JOY OF LIVING: The painting Moulin Rouge by Vytautas Kasiulis.
VILNIUS - Vilnius will have a new and unique museum. At the end of September, the Lithuanian Art Museum received a unique gift, which is the collection of 596 paintings by Vytautas Kasiulis. Kasiulis, who achieved worldwide recognition, was born in Lithuania in 1918 and died in 1995 in Paris where he spent most of his life. Modern art museums in Paris and New York, art galleries and collectors in France, the U.S., Canada, the UK, Sweden, Denmark, Switzerland, Germany, Argentina, Australia, and Israel are proud to have paintings by Kasiulis, who was hailed by art critics as one of the most interesting Paris school painters in the second half of the 20th century. The museum of Kasiulis’ paintings will be opened after a year in the building on Gostauto Street 1.

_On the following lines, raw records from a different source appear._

lemma leaf_iff: "v \<in> X \<longleftrightarrow> v \<in> V \<and> (\<forall>w. (v, w) \<notin> A)"
  by (subst leaves_eq) (simp add: outdeg_eq_0_iff[OF finite_arcs])

lemma leaf_unique_parent:
  assumes "(u, v) \<in> A" and "(u', v) \<in> A" and "v \<in> X"
  shows "u = u'"
proof -
  have "A \<noteq> {}" using assms by blast
  then have "indeg A v = 1" using network assms(3) unfolding phylo_network_def by blast
  with assms(1,2) show ?thesis unfolding indeg_eq_1_iff by blast
qed

lemma arc_head_cases:
  assumes "(u, v) \<in> A"
  shows "v \<in> X \<or> tree_vertex V A v \<or> reticulation V A v"
proof (cases "v \<in> X")
  case False
  have "v \<in> V" and "indeg A v \<noteq> 0"
    using assms arcs_subset indeg_eq_0_iff[OF finite_arcs] by auto
  with False have "indeg A v = 1 \<and> outdeg A v \<ge> 2 \<or> indeg A v \<ge> 2 \<and> outdeg A v = 1"
    using network unfolding phylo_network_def by blast
  then show ?thesis using \<open>v \<in> V\<close> unfolding tree_vertex_def reticulation_def by blast
qed simp

lemma reticulation_not_leaf: "reticulation V A v \<Longrightarrow> v \<notin> X"
  unfolding reticulation_def by (subst leaves_eq) simp

lemma not_arboreal_iff:
  assumes "(u, v) \<in> A"
  shows "(u, v) \<notin> arboreal_arcs V A X \<longleftrightarrow> \<not> reticulation V A u \<and> reticulation V A v"
  using assms arc_head_cases[OF assms] reticulation_not_tree_vertex[of V A v]
    reticulation_not_leaf[of v]
  by (auto simp: mem_arboreal_arcs_iff)

lemma J_edges_iff: "(q, r) \<in> J_edges V A \<longleftrightarrow> (q, r) \<in> A \<and> r \<in> R_t V A"
  using arcs_subset unfolding J_edges_def Q_t_def by blast

lemma supporting_set_arc:
  "supporting_set V A X E \<Longrightarrow> (u, v) \<in> E \<Longrightarrow> (u, v) \<in> A \<and> v \<in> R_t V A"
  unfolding supporting_set_def using J_edges_iff by blast

lemma not_arboreal_into_R_t:
  assumes "r \<in> R_t V A"
  shows "(u, r) \<notin> arboreal_arcs V A X"
proof
  assume arc: "(u, r) \<in> arboreal_arcs V A X"
  then have "(u, r) \<in> A" unfolding mem_arboreal_arcs_iff by blast
  with assms have "\<not> reticulation V A u" and "reticulation V A r"
    unfolding R_t_def parents_def by blast+
  with arc \<open>(u, r) \<in> A\<close> show False using not_arboreal_iff by blast
qed

lemma arboreal_parent_exists:
  assumes "(u, v) \<in> A" and "v \<notin> R_t V A"
  obtains p where "(p, v) \<in> arboreal_arcs V A X"
proof (cases "reticulation V A v")
  case True
  then obtain p where "(p, v) \<in> A" and "reticulation V A p"
    using assms(2) unfolding R_t_def parents_def by blast
  then show ?thesis using that unfolding mem_arboreal_arcs_iff by blast
next
  case False
  then show ?thesis using that assms(1) arc_head_cases unfolding mem_arboreal_arcs_iff by blast
qed

lemma omnian_if_no_arboreal_child:
  assumes "v \<in> V" and "v \<notin> X" and no_child: "\<And>w. (v, w) \<notin> arboreal_arcs V A X"
  shows "omnian V A X v" and "\<not> reticulation V A v"
proof -
  obtain w where "(v, w) \<in> A" using assms(1,2) leaf_iff by blast
  then show "\<not> reticulation V A v"
    using no_child unfolding mem_arboreal_arcs_iff by blast
  then show "omnian V A X v"
    using assms no_child not_arboreal_iff unfolding omnian_def children_def by blast
qed

lemma support_treeI:
  assumes "S \<subseteq> A" and root: "is_root V A r"
    and parent: "\<And>v. v \<in> V - {r} \<Longrightarrow> \<exists>!u. (u, v) \<in> S"
    and leaves: "{v \<in> V. outdeg S v = 0} = X"
  shows "support_tree V A X S"
proof -
  have "finite S" using assms(1) finite_arcs finite_subset by blast
  have "acyclic S" using assms(1) acyclic_subset[OF acyclic_arcs] by blast
  have "S \<subseteq> V \<times> V" using assms(1) arcs_subset by blast
  have indeg: "\<forall>v\<in>V - {r}. indeg S v = 1" unfolding indeg_eq_1_iff using parent by auto
  have "r \<in> V" using root unfolding is_root_def by blast
  moreover have "indeg S r = 0"
    using assms(1) is_root_no_parent[OF finite_arcs root] indeg_eq_0_iff[OF \<open>finite S\<close>] by blast
  moreover have "v = r" if "v \<in> V" and "indeg S v = 0" for v
    using that indeg by (metis DiffI singletonD zero_neq_one)
  moreover have "(r, v) \<in> S\<^sup>*" if "v \<in> V" for v
    by (rule acyclic_reachable_from_root[OF \<open>finite S\<close> \<open>acyclic S\<close> \<open>S \<subseteq> V \<times> V\<close> _ that])
      (use parent in blast)
  ultimately have "is_root V S r" unfolding is_root_def by blast
  with assms(1) root indeg leaves show ?thesis unfolding support_tree_def by blast
qed

end

locale support_tree_of_network = phylogenetic_network +
  fixes S :: "('a \<times> 'a) set"
  assumes support_tree: "support_tree V A X S"
begin

lemma support_subset: "S \<subseteq> A"
  using support_tree unfolding support_tree_def by blast

lemma support_unique_parent:
  assumes "(u, v) \<in> S" and "(u', v) \<in> S"
  shows "u = u'"
proof -
  obtain r where r: "is_root V A r" and indeg: "\<forall>v\<in>V - {r}. indeg S v = 1"
    using support_tree unfolding support_tree_def by blast
  have "v \<in> V" "v \<noteq> r"
    using assms(1) support_subset arcs_subset is_root_no_parent[OF finite_arcs r] by blast+
  then have "indeg S v = 1" using indeg by blast
  with assms show ?thesis unfolding indeg_eq_1_iff by blast
qed

lemma support_has_parent:
  assumes "(u, v) \<in> A"
  obtains p where "(p, v) \<in> S"
proof -
  obtain r where r: "is_root V A r" and indeg: "\<forall>v\<in>V - {r}. indeg S v = 1"
    using support_tree unfolding support_tree_def by blast
  have "v \<in> V" "v \<noteq> r"
    using assms arcs_subset is_root_no_parent[OF finite_arcs r] by blast+
  then have "indeg S v = 1" using indeg by blast
  then show ?thesis using that by (metis indeg_eq_1_iff)
qed

lemma support_has_child:
  assumes "v \<in> V" and "v \<notin> X"
  obtains w where "(v, w) \<in> S"
proof -
  have "finite S" using support_subset finite_arcs finite_subset by blast
  have "{v \<in> V. outdeg S v = 0} = X"
    using support_tree unfolding support_tree_def by blast
  with assms have "outdeg S v \<noteq> 0" by (metis (mono_tags, lifting) mem_Collect_eq)
  then obtain w where "(v, w) \<in> S" using outdeg_eq_0_iff[OF \<open>finite S\<close>, of v] by auto
  then show ?thesis by (rule that)
qed

lemma arboreal_subset_support: "arboreal_arcs V A X \<subseteq> S"
proof (rule subrelI)
  fix u v assume arb: "(u, v) \<in> arboreal_arcs V A X"
  then have uv: "(u, v) \<in> A" unfolding mem_arboreal_arcs_iff by blast
  show "(u, v) \<in> S"
  proof (cases "reticulation V A u")
    case True
    have "u \<in> V" using uv arcs_subset by blast
    then obtain w where "(u, w) \<in> S"
      using reticulation_not_leaf[OF True] by (rule support_has_child)
    moreover have "(u, w) \<in> A" using calculation support_subset by blast
    ultimately show ?thesis
      using uv reticulation_unique_child[OF True] by blast
  next
    case False
    then have "tree_vertex V A v \<or> v \<in> X" using arb unfolding mem_arboreal_arcs_iff by blast
    then have unique: "p = u" if "(p, v) \<in> A" for p
      using that uv leaf_unique_parent tree_vertex_unique_parent by metis
    obtain p where "(p, v) \<in> S" using uv by (rule support_has_parent)
    then show ?thesis using unique support_subset by blast
  qed
qed

lemma support_arc_into_R_t:
  assumes "(u, v) \<in> S" and "(u, v) \<notin> arboreal_arcs V A X"
  shows "v \<in> R_t V A"
proof -
  have uv: "(u, v) \<in> A" using assms(1) support_subset by blast
  have "\<not> reticulation V A p" if "(p, v) \<in> A" for p
  proof
    assume "reticulation V A p"
    with that have "(p, v) \<in> arboreal_arcs V A X" unfolding mem_arboreal_arcs_iff by blast
    then have "(p, v) \<in> S" using arboreal_subset_support by blast
    then have "p = u" using assms(1) support_unique_parent by blast
    with \<open>reticulation V A p\<close> assms(2) uv show False using not_arboreal_iff by blast
  qed
  then show ?thesis using assms(2) uv not_arboreal_iff unfolding R_t_def parents_def by blast
qed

On Sept. 29, the press conference to announce this good news was held in the Lithuanian Art Museum’s conference hall. The decision to donate the collection to Lithuania was made by Brone Kasiuliene, Kasiulis widow, not long before her recent death in France. She had some major doubts before the decision. “She was an old woman who visited Vilnius for the last time in 1940 when it was a small and bleak town,” said Romualdas Budrys, director of the Lithuanian Art Museum, who convinced Kasiuliene to donate the collection, resolving some of Kasiuliene’s queries regarding the donation.

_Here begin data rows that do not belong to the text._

(* Let $R$ be a bounded principal ideal domain. Then a nonzero non-unit $a\in R$ is c-irreducible if and only if it is irreducible. Equivalently, a nonzero left ideal of $R$ is completely prime if and only if it is a maximal left ideal.
   Context: A principal ideal domain (PID) is a (not necessarily commutative) domain in which every left ideal and every right ideal is principal. An element $p$ is bounded if $Rp$ contains a nonzero two-sided ideal; the PID $R$ is bounded if every nonzero non-unit of $R$ is bounded. A non-unit $a$ is irreducible if $a=bc$ implies $b$ or $c$ is a unit. Elements $b,c$ are similar if $R/Rb\cong R/Rc$ as left $R$-modules. A nonzero $a$ is c-reducible if $a=bb'=c'c$ for some non-units $b,b',c',c$ with $b$ similar to $c$; otherwise c-irreducible. A left ideal $\mathfrak{p}$ is completely prime if $\mathfrak{p}\neq R$ and $ab\in\mathfrak{p}$, $\mathfrak{p}b\subseteq\mathfrak{p}$ imply $a\in\mathfrak{p}$ or $b\in\mathfrak{p}$. *)

theory Defs
  imports Main
begin

text \<open>The ring R is the ambient type 'a :: ring_1_no_zero_divisors, i.e. a
(not necessarily commutative) domain.\<close>

definition nc_unit :: "'a::ring_1 \<Rightarrow> bool" where
  "nc_unit a \<longleftrightarrow> (\<exists>b. a * b = 1 \<and> b * a = 1)"

definition left_ideal :: "'a::ring_1 set \<Rightarrow> bool" where
  "left_ideal I \<longleftrightarrow> 0 \<in> I \<and> (\<forall>x\<in>I. \<forall>y\<in>I. x + y \<in> I) \<and> (\<forall>x\<in>I. - x \<in> I)
     \<and> (\<forall>r. \<forall>x\<in>I. r * x \<in> I)"

definition right_ideal :: "'a::ring_1 set \<Rightarrow> bool" where
  "right_ideal I \<longleftrightarrow> 0 \<in> I \<and> (\<forall>x\<in>I. \<forall>y\<in>I. x + y \<in> I) \<and> (\<forall>x\<in>I. - x \<in> I)
     \<and> (\<forall>r. \<forall>x\<in>I. x * r \<in> I)"

definition two_sided_ideal :: "'a::ring_1 set \<Rightarrow> bool" where
  "two_sided_ideal I \<longleftrightarrow> left_ideal I \<and> right_ideal I"

definition lprinc :: "'a::ring_1 \<Rightarrow> 'a set" where
  "lprinc a = {r * a | r. True}"

definition rprinc :: "'a::ring_1 \<Rightarrow> 'a set" where
  "rprinc a = {a * r | r. True}"

definition is_PID :: "'a::ring_1_no_zero_divisors itself \<Rightarrow> bool" where
  "is_PID _ \<longleftrightarrow> (\<forall>I::'a set. left_ideal I \<longrightarrow> (\<exists>a. I = lprinc a))
              \<and> (\<forall>I::'a set. right_ideal I \<longrightarrow> (\<exists>a. I = rprinc a))"

definition bounded_elem :: "'a::ring_1 \<Rightarrow> bool" where
  "bounded_elem p \<longleftrightarrow> (\<exists>I. two_sided_ideal I \<and> I \<noteq> {0} \<and> I \<subseteq> lprinc p)"

definition bounded_PID :: "'a::ring_1_no_zero_divisors itself \<Rightarrow> bool" where
  "bounded_PID T \<longleftrightarrow> is_PID T \<and>
     (\<forall>a::'a. a \<noteq> 0 \<and> \<not> nc_unit a \<longrightarrow> bounded_elem a)"

definition nc_irreducible :: "'a::ring_1 \<Rightarrow> bool" where
  "nc_irreducible a \<longleftrightarrow> \<not> nc_unit a \<and> (\<forall>b c. a = b * c \<longrightarrow> nc_unit b \<or> nc_unit c)"

text \<open>Cosets x + Rb, the elements of the left module R/Rb.\<close>
definition lcoset :: "'a::ring_1 \<Rightarrow> 'a \<Rightarrow> 'a set" where
  "lcoset b x = {x + y | y. y \<in> lprinc b}"

text \<open>b and c are similar: R/Rb and R/Rc are isomorphic as left R-modules,
  i.e. there is a bijection of the coset sets that is additive and R-linear.\<close>
definition similar :: "'a::ring_1 \<Rightarrow> 'a \<Rightarrow> bool" where
  "similar b c \<longleftrightarrow> (\<exists>\<phi> :: 'a set \<Rightarrow> 'a set.
     bij_betw \<phi> (range (lcoset b)) (range (lcoset c)) \<and>
     (\<forall>x y u v. \<phi> (lcoset b x) = lcoset c u \<longrightarrow> \<phi> (lcoset b y) = lcoset c v \<longrightarrow>
        \<phi> (lcoset b (x + y)) = lcoset c (u + v)) \<and>
     (\<forall>r x u. \<phi> (lcoset b x) = lcoset c u \<longrightarrow> \<phi> (lcoset b (r * x)) = lcoset c (r * u)))"

definition c_reducible :: "'a::ring_1 \<Rightarrow> bool" where
  "c_reducible a \<longleftrightarrow> a \<noteq> 0 \<and> (\<exists>b b' c' c. \<not> nc_unit b \<and> \<not> nc_unit b' \<and> \<not> nc_unit c' \<and>
      \<not> nc_unit c \<and> a = b * b' \<and> a = c' * c \<and> similar b c)"

definition c_irreducible :: "'a::ring_1 \<Rightarrow> bool" where
  "c_irreducible a \<longleftrightarrow> a \<noteq> 0 \<and> \<not> c_reducible a"

definition completely_prime :: "'a::ring_1 set \<Rightarrow> bool" where
  "completely_prime P \<longleftrightarrow> P \<noteq> UNIV \<and>
     (\<forall>a b. a * b \<in> P \<and> {x * b | x. x \<in> P} \<subseteq> P \<longrightarrow> a \<in> P \<or> b \<in> P)"

definition maximal_left_ideal :: "'a::ring_1 set \<Rightarrow> bool" where
  "maximal_left_ideal M \<longleftrightarrow> left_ideal M \<and> M \<noteq> UNIV \<and>
     (\<forall>J. left_ideal J \<and> M \<subseteq> J \<longrightarrow> J = M \<or> J = UNIV)"

end

(* If a = xy with x, y non-units, then Ra \<subset> Ry \<subset> R, so R/Ra has a simple top factor R/L
   (L maximal above Ry) and a simple submodule T/Ra of Ry/Ra. In a bounded PID the annihilators of
   these simple modules are nonzero two-sided ideals, generated by invariant elements q and p.
   Fitting's lemma for p and q either splits R/Ra into a nontrivial direct sum, or shows that powers
   of p and q kill R/Ra; since annihilators of simple modules are prime, the two annihilators then
   coincide and R/L \<cong> T/Ra. Either way some class v' in R/Ra generates a proper nonzero submodule
   whose annihilator strictly contains Ra. Writing Rv' = Rd/Ra \<cong> R/Re and Rv' \<cong> R/Rb gives
   a = ed = c'b with e similar to b, so a is c-reducible, and v' also witnesses that Ra is not
   completely prime. Conversely, irreducible elements are c-irreducible, Ra is maximal for
   irreducible a, and maximal left ideals are completely prime. *)

theory Submission
  imports Defs "HOL-Library.Set_Algebras"
begin

section \<open>Left and right ideals\<close>

lemma mem_lprinc: "x \<in> lprinc a \<longleftrightarrow> (\<exists>r. x = r * a)"
  by (auto simp: lprinc_def)

lemma mem_rprinc: "x \<in> rprinc a \<longleftrightarrow> (\<exists>r. x = a * r)"
  by (auto simp: rprinc_def)

lemma mult_mem_lprinc [simp]: "r * a \<in> lprinc a"
  by (auto simp: mem_lprinc)

lemma mult_mem_rprinc [simp]: "a * r \<in> rprinc a"
  by (auto simp: mem_rprinc)

lemma lprinc_self [simp]: "(a::'a::ring_1) \<in> lprinc a"
  using mult_mem_lprinc[of 1 a] by simp

lemma rprinc_self [simp]: "(a::'a::ring_1) \<in> rprinc a"
  using mult_mem_rprinc[of a 1] by simp

lemma lprinc_0 [simp]: "lprinc (0::'a::ring_1) = {0}"
  by (auto simp: mem_lprinc)

lemma left_idealI:
  assumes "0 \<in> I" and "\<And>x y. x \<in> I \<Longrightarrow> y \<in> I \<Longrightarrow> x + y \<in> I"
    and "\<And>x. x \<in> I \<Longrightarrow> - x \<in> I" and "\<And>r x. x \<in> I \<Longrightarrow> r * x \<in> I"
  shows "left_ideal I"
  using assms unfolding left_ideal_def by blast

lemma right_idealI:
  assumes "0 \<in> I" and "\<And>x y. x \<in> I \<Longrightarrow> y \<in> I \<Longrightarrow> x + y \<in> I"
    and "\<And>x. x \<in> I \<Longrightarrow> - x \<in> I" and "\<And>r x. x \<in> I \<Longrightarrow> x * r \<in> I"
  shows "right_ideal I"
  using assms unfolding right_ideal_def by blast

“She was afraid that Lithuania will not continue to be independent. She was afraid that the Russians in their tanks will come back,” son of the famous painter, also Vytautas Kasiulis (but not a painter), said at the press conference about his mother’s doubts adding that the biggest impression of Vilnius for him is that everybody speaks the Lithuanian language in this city – he used to speak that language only to a few people in his native France.
Kasiulis, the future world-scale painting super star, was born in the Lithuanian town of Simnas. In 1937-1941, he studied at the Kaunas Art School. His first exhibition in 1943, held at the Vytautas Magnus Culture Museum in Kaunas, was a great success. In 1944, Kasiulis left for Austria and Germany for further studies and after the end of WWII, he had no possibility to return to his homeland. In 1948, Kasiulis arrived in Paris, the city of his dreams, where he stayed until the end of his days. “He made his way to Paris, where he got a job as a night watchman. By night he patrolled a radio shop with a revolver; by day he visited the galleries, marveled at the works of the French impressionists,” wrote the U.S. magazine Time in 1954 about Kasiulis’ first months in Paris. “People are worrying too much. After all, what do we really need? A room, a bed and one square meal a day. There is still plenty of sunshine around,” Kasiulis told Time in 1954. That article in Time about Kasiulis was titled Joy of Living.
Paris had an enormous influence on his art. His favorite subject was the same as to the majority of French artists of that period: lower-middle-class people, treated with traditional French gentle irony and admiration at the same time – it is enough to watch the French movies of the second half of the 20th century where, for example, a prostitute is always some good-hearted positive personage and the character of the main hero is usually far from the monumentally politically correct preaching of a typical Hollywood production.Kasiulis’ art is as joyful and colorful as the music video California Gurls by Katy Perry but at the same time it has some light sentimentalism in the style of Marc Chagall. Portraits of Eastern European Jews are also somewhat common to both painters. According to art critic Jean Chabanon, “the romantic world of Kasiulis turns us away from the common roads and surprises us with tenderness and nostalgia. The artist pictures the world of his imagination with great joy, where all people are poets and all things are decorations, where all gardens are gardens of paradise.”
In 2009, under the program Vilnius – European Capital of Culture 2009, more than 150 of Kasiulis’ paintings were on display at the Vilnius Picture Gallery. Lithuanian President Dalia Grybauskaite visited the exhibition and expressed her wish that the artistic legacy of Kasiulis would come to Lithuania. “Lithuania would become even more attractive to tourists. This idea could be driven forward by the ministries that promote incoming tourism, the Culture Ministry and the Economy Ministry,” Grybauskaite has said. Her wish came true.